#### THE TASK:
Look at each line below and tally those holding "unfolding"; answer with that figure and nothing else.

Data excerpts
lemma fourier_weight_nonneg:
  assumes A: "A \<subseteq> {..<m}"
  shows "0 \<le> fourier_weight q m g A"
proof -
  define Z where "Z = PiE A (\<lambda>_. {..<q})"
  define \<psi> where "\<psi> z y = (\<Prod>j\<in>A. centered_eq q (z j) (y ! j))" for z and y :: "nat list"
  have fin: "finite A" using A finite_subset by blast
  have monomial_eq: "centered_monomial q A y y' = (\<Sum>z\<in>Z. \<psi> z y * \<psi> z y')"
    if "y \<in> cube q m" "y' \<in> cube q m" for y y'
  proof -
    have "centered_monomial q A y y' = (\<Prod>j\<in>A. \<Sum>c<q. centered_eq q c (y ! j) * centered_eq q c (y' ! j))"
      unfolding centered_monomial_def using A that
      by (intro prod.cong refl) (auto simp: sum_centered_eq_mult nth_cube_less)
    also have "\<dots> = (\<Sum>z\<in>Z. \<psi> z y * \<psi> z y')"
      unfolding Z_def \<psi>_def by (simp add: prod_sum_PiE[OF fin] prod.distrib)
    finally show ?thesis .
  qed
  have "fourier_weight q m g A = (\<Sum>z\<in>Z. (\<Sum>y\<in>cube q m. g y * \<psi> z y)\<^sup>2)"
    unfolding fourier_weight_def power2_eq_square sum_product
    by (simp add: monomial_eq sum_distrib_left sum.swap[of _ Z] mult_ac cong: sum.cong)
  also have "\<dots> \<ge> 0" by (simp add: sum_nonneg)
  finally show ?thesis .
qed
==
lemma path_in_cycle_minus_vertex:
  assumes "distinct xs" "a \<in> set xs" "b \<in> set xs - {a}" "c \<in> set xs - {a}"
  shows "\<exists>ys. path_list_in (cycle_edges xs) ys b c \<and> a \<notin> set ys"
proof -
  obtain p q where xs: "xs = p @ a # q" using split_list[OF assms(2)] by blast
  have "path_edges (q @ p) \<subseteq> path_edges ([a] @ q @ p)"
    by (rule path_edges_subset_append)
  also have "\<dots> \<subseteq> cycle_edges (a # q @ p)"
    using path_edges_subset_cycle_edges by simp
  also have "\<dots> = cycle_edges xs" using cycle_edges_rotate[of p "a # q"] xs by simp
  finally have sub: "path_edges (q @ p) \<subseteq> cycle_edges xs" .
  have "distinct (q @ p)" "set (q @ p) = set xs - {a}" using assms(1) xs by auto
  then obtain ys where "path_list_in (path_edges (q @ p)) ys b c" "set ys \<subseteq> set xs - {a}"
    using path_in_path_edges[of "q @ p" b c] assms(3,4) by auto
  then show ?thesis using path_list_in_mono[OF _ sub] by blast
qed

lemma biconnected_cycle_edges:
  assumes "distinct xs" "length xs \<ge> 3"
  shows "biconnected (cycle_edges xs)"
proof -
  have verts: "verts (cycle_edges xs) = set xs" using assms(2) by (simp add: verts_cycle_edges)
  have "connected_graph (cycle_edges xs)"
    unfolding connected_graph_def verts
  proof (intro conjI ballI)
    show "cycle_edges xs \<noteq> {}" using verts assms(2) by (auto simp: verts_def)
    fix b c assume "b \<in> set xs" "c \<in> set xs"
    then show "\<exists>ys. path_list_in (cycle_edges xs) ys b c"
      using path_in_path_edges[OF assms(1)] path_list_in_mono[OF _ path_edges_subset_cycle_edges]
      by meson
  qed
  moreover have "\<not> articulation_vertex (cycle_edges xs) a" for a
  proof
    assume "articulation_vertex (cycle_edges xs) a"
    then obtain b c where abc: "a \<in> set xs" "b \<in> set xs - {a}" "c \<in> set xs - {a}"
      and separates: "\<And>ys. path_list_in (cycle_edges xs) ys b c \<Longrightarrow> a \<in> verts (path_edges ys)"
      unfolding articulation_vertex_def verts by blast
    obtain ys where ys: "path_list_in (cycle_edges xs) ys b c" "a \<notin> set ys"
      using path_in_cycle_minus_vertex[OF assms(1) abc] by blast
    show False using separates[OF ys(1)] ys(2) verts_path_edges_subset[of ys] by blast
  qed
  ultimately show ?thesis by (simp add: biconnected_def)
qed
--
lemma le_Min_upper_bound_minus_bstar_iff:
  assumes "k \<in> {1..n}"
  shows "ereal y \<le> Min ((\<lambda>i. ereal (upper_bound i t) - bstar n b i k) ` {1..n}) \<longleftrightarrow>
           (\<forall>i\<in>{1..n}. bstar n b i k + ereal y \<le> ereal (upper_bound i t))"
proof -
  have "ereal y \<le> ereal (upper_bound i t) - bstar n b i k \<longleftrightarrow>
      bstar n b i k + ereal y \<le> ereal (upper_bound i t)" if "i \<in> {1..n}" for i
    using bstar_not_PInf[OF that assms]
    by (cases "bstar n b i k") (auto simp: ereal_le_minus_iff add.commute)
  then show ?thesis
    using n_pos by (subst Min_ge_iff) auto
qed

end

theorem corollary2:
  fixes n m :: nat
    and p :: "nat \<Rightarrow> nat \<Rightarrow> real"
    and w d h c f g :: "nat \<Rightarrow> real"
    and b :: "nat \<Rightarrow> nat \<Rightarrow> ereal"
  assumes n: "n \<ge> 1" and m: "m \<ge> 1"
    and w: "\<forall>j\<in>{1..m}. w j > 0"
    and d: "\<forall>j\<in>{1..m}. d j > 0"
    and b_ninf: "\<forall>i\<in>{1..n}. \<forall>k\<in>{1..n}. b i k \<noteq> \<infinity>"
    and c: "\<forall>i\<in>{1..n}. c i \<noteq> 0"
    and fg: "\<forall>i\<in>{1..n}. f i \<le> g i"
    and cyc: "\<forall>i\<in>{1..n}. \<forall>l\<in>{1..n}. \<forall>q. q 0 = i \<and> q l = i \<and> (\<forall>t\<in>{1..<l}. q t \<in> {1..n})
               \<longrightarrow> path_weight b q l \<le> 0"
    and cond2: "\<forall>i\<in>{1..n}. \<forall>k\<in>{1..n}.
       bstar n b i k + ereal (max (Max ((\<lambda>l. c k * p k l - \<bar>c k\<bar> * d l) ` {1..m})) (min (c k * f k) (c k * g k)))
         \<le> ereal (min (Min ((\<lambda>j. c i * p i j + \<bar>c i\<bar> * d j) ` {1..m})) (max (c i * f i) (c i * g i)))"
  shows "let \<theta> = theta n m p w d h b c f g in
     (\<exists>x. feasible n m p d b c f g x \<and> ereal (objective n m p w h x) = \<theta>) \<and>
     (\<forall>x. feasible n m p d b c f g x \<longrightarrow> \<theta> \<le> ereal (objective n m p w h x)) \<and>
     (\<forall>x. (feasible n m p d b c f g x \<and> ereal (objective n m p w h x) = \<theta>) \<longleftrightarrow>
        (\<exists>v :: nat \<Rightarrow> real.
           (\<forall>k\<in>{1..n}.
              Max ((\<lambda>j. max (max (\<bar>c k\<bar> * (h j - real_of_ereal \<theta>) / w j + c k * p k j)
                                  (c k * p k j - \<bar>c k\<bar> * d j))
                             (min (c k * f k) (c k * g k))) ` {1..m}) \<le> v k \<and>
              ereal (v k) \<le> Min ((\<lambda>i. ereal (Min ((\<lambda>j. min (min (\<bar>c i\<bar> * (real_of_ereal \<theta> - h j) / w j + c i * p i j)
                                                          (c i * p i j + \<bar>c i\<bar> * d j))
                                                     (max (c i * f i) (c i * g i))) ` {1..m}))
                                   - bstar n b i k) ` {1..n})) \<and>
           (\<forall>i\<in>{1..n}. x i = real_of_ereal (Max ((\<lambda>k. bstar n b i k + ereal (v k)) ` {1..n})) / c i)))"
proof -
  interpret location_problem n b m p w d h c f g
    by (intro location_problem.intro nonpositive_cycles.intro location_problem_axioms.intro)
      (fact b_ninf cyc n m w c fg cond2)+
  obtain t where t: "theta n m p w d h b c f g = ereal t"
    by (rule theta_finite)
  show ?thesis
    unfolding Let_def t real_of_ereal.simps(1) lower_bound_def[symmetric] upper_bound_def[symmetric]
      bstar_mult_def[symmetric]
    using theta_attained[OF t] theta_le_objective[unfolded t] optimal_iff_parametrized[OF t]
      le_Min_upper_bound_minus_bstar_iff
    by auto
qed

#### OUTPUT OF THE EXERCISE:
6